Providing AI-centered services At a time when women scholars and others are receiving a deserved and overdue spotlight, TechCrunch is launching a series of interviews focusing on the extraordinary women who have contributed to the AI revolution. We will publish several articles throughout the year highlighting key work that often goes unrecognized as the AI boom continues. Read more profiles here.
As a reader, if you think there's a name we've missed and should be on the list, please email us and we'll add it. Here are some key people you need to know:
Gender Gap in AI
In a New York Times article late last year, the Gray Lady analyzed how the current AI boom came about, highlighting the usual suspects: Sam Altman, Elon Musk, and Larry Page. Journalism went viral not because of what was reported, but because of what was not said: women.
The Times' list included 12 men, most of whom were leaders of AI or technology companies. Many people have no training or education about AI, formal or otherwise.
Contrary to what the Times suggests, the AI craze didn't start when Musk sat next to Page in a mansion in the Bay. It started a long time ago, when academics, regulators, ethicists, and enthusiasts worked tirelessly in relatively obscure environments to build the foundation for the AI and GenAI systems we have today.
Elaine Rich, a retired computer scientist at the University of Texas at Austin, published one of the first textbooks on AI in 1983 and later became director of the Corporate AI Research Institute in 1988. Harvard professor Cynthia Dwork has been making groundbreaking advances for decades. Previously, she worked in the areas of AI fairness, differential privacy, and distributed computing. And Cynthia Breazeal, a roboticist, MIT professor, and co-founder of robotics startup Jibo, helped develop Kismet, one of the first “social robots,” in the late '90s and early 2000s.
Despite the many ways women have advanced AI technology, they make up a very small portion of the global AI workforce. According to a 2021 Stanford study, only 16% of full-time faculty focused on AI are women. In a separate study published by the World Economic Forum that same year, the co-authors found that only 26% of analytics and AI positions were held by women.
The worse news is that the gender gap in AI is widening, not narrowing.
A 2019 analysis by Nesta, the UK's social care innovation agency, concluded that the proportion of AI academic papers co-authored by at least one woman has not improved since the 1990s. As of 2019, only 13.8% of AI research papers on Arxiv.org, a repository of preprint scientific papers, were authored or co-authored by women, a number that has steadily declined over the past decade.
Reason for the discrepancy
The reasons for the gap are varied. But Deloitte's survey of women in AI highlights some of the more notable (and obvious) points, including judgment from male colleagues and discrimination due to not fitting AI's established male-dominated framework. .
It starts in college. 78% of women who responded to a Deloitte survey said they did not have the opportunity to intern in AI or machine learning during their undergraduate years. More than half (58%) say they have left at least one employer because of the way men and women are treated differently, and 73% have considered leaving the tech industry altogether due to unequal pay and lack of ability to advance their careers.
The lack of women is harming the AI field.

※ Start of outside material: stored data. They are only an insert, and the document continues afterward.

(* If $m$ is a positive even integer and $n$ is a positive odd integer, then \[ \sum_{k=1}^\infty\frac{\zeta(2k)}{k(2k+m)(2k+n)} = -\frac{m+n}{(mn)^2}+\frac{\ln(2\pi)}{mn}-\frac{i^m(m-1)!}{m-n}\frac{\zeta(m+1)}{(2\pi)^m} +\frac{1}{m-n}\left((m-1)!\sum_{j=1}^{m/2}\frac{(-1)^j\zeta(2j+1)}{(m-2j)!(2\pi)^{2j}}-(n-1)!\sum_{j=1}^{(n-1)/2}\frac{(-1)^j\zeta(2j+1)}{(n-2j)!(2\pi)^{2j}}\right). \]
   Context: $\zeta$ is the Riemann zeta function, $i$ is the imaginary unit, and empty sums equal $0$. *)

theory Defs
  imports "HOL-Analysis.Analysis"
begin

text \<open>Riemann zeta function, only needed at real arguments s > 1, where it is
  given by its Dirichlet series sum over n >= 1 of n powr (-s).\<close>
definition zeta :: "real \<Rightarrow> real" where
  "zeta s = (\<Sum>n. 1 / (real (Suc n)) powr s)"

end

theory Submission
  imports Defs "HOL-Real_Asymp.Real_Asymp"
begin

text \<open>
  By partial fractions the series is \<open>(F n - F m) / (m - n)\<close> with
  \<open>F a = \<Sum>k\<ge>1. \<zeta>(2k) / (k (2k + a))\<close>. Taking logarithms in the product formula for the sine
  and summing over the factors gives \<open>\<Sum>k\<ge>1. \<zeta>(2k) t\<^sup>2\<^sup>k / k = ln (\<pi> t) - ln (sin (\<pi> t))\<close>
  on \<open>(0, 1)\<close>; integrating against \<open>t\<^sup>a\<^sup>-\<^sup>1\<close> yields
  \<open>F a = ln (2\<pi>) / a - 1 / a\<^sup>2 - \<integral>\<^sub>0\<^sup>1 t\<^sup>a\<^sup>-\<^sup>1 ln (2 sin (\<pi> t)) dt\<close>.
  The Fourier series \<open>ln (2 sin (\<pi> t)) = - \<Sum>k\<ge>1. cos (2\<pi>kt) / k\<close>, justified by Abel
  summation and dominated convergence, together with the elementary integrals of
  \<open>t\<^sup>b cos (2\<pi>kt)\<close> turns the last integral into a finite combination of values of \<open>\<zeta>\<close> at odd
  integers. For even \<open>m\<close> the term \<open>j = m/2\<close> of the first finite sum is exactly the
  \<open>\<i>\<^sup>m \<zeta>(m + 1)\<close> term of the statement.
\<close>

section \<open>Series expansions\<close>

lemma sums_swap_nonneg:
  fixes f :: "nat \<Rightarrow> nat \<Rightarrow> real"
  assumes nonneg: "\<And>j k. 0 \<le> f j k"
    and rows: "\<And>j. (\<lambda>k. f j k) sums g j" and "g sums G"
    and cols: "\<And>k. (\<lambda>j. f j k) sums h k"
  shows "h sums G"
proof -
  have rows': "((\<lambda>k. f j k) has_sum g j) UNIV" for j
    by (rule sums_nonneg_imp_has_sum[OF rows nonneg])
  have "0 \<le> g j" for j
    by (rule sums_le[OF _ sums_zero rows]) (simp add: nonneg)
  with \<open>g sums G\<close> have G: "(g has_sum G) UNIV"
    by (rule sums_nonneg_imp_has_sum)
  have cols': "((\<lambda>j. f j k) has_sum h k) UNIV" for k
    by (rule sums_nonneg_imp_has_sum[OF cols nonneg])
  have "(\<lambda>(j, k). f j k) summable_on UNIV \<times> UNIV"
    by (rule summable_on_SigmaI[where g = g]) (use rows' G nonneg in \<open>auto simp: summable_on_def\<close>)
  hence "((\<lambda>(j, k). f j k) has_sum G) (UNIV \<times> UNIV)"
    by (intro has_sum_SigmaI[where g = g]) (use rows' G in auto)
  hence "((\<lambda>(k, j). f j k) has_sum G) (UNIV \<times> UNIV)"
    by (subst (asm) has_sum_swap) simp
  hence "(h has_sum G) UNIV"
    by (rule has_sum_SigmaD) (use cols' in auto)
  thus ?thesis
    by (rule has_sum_imp_sums)
qed

lemma zeta_nat_sums:
  assumes "2 \<le> q"
  shows "(\<lambda>n. 1 / real (Suc n) ^ q) sums zeta (real q)"
proof -
  have "summable (\<lambda>n. inverse (real n ^ q))"
    by (rule inverse_power_summable) (use assms in auto)
  hence "summable (\<lambda>n. inverse (real (Suc n) ^ q))"
    by (subst summable_Suc_iff)
  hence "summable (\<lambda>n. 1 / real (Suc n) ^ q)"
    by (simp add: divide_inverse)
  moreover have "zeta (real q) = (\<Sum>n. 1 / real (Suc n) ^ q)"
    unfolding zeta_def by (simp add: powr_realpow)
  ultimately show ?thesis
    by (simp add: sums_iff)
qed

lemma zeta_nat_nonneg: "2 \<le> q \<Longrightarrow> 0 \<le> zeta (real q)"
  by (rule sums_le[OF _ sums_zero zeta_nat_sums]) auto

Nesta's analysis found that women are more likely than men to consider the social, ethical and political implications of their AI work. This is not surprising considering that we live in a world where women are looked down upon based on their gender and products. The market is designed for men and women with children, who often have to balance work with their role as primary caregivers.
With any luck, TechCrunch's humble contribution to our series about extraordinary women in AI will help move the needle in the right direction. But clearly there is a lot of work to be done.

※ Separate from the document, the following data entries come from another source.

lemma sum_inc_occurrences_spearman_ge:
  assumes "2 \<le> k"
  shows "real ((n - 2) choose (k - 2)) * fact n * real n * (real n - 1) * (real n + 1)\<^sup>2
           \<le> 18 * real k ^ 5 * fact k
               * (\<Sum>p | p permutes {..<n}. real (inc_occurrences k n p) * spearman n p)"
proof -
  let ?P = "{p. p permutes {..<n}}" and ?K = "{I. I \<subseteq> {..<n} \<and> card I = k}"
  define S where "S = (\<Sum>p\<in>?P. real (inc_occurrences k n p) * spearman n p)"
  define C where "C = real ((n - 2) choose (k - 2))"
  have "S = (\<Sum>I\<in>?K. \<Sum>p\<in>?P. of_bool (strict_mono_on I p) * spearman n p)"
    unfolding S_def inc_occurrences_eq_sum sum_distrib_right by (rule sum.swap)
  then have "6 * real k ^ 5 * fact k * S
      = (\<Sum>I\<in>?K. 6 * real k ^ 5 * fact k * (\<Sum>p\<in>?P. of_bool (strict_mono_on I p) * spearman n p))"
    by (simp only: sum_distrib_left)
  also have "\<dots> \<ge> (\<Sum>I\<in>?K. dispersion I real * fact n * (real n + 1))"
    using sum_strict_mono_on_spearman_ge assms by (intro sum_mono) auto
  also have "(\<Sum>I\<in>?K. dispersion I real * fact n * (real n + 1))
      = C * dispersion {..<n} real * fact n * (real n + 1)"
    unfolding C_def sum_distrib_right[symmetric] sum_dispersion_subsets[OF finite_lessThan assms]
    by simp
  finally have bound: "C * dispersion {..<n} real * fact n * (real n + 1) \<le> 6 * real k ^ 5 * fact k * S" .
  have "C * fact n * real n * (real n - 1) * (real n + 1)\<^sup>2
      = C * (3 * dispersion {..<n} real) * fact n * (real n + 1)"
    unfolding dispersion_lessThan by (simp add: power2_eq_square mult_ac)
  also have "\<dots> = 3 * (C * dispersion {..<n} real * fact n * (real n + 1))"
    by (simp only: mult_ac)
  also have "\<dots> \<le> 3 * (6 * real k ^ 5 * fact k * S)"
    using bound by (rule mult_left_mono) simp
  also have "\<dots> = 18 * real k ^ 5 * fact k * S"
    by simp
  finally show ?thesis
    unfolding S_def C_def .
qed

The women we feature share many suggestions for those who want to grow and advance the AI field for the better. But the common thread is strong mentorship, commitment, and leadership by example. Organizations can affect change by enacting policies (recruitment, training, etc.) that elevate the status of women already working in the AI industry or seeking to enter it. And decision-makers in positions of power can use that power to promote more diverse and supportive workplaces for women.
Change doesn't happen overnight. But every revolution starts with small steps.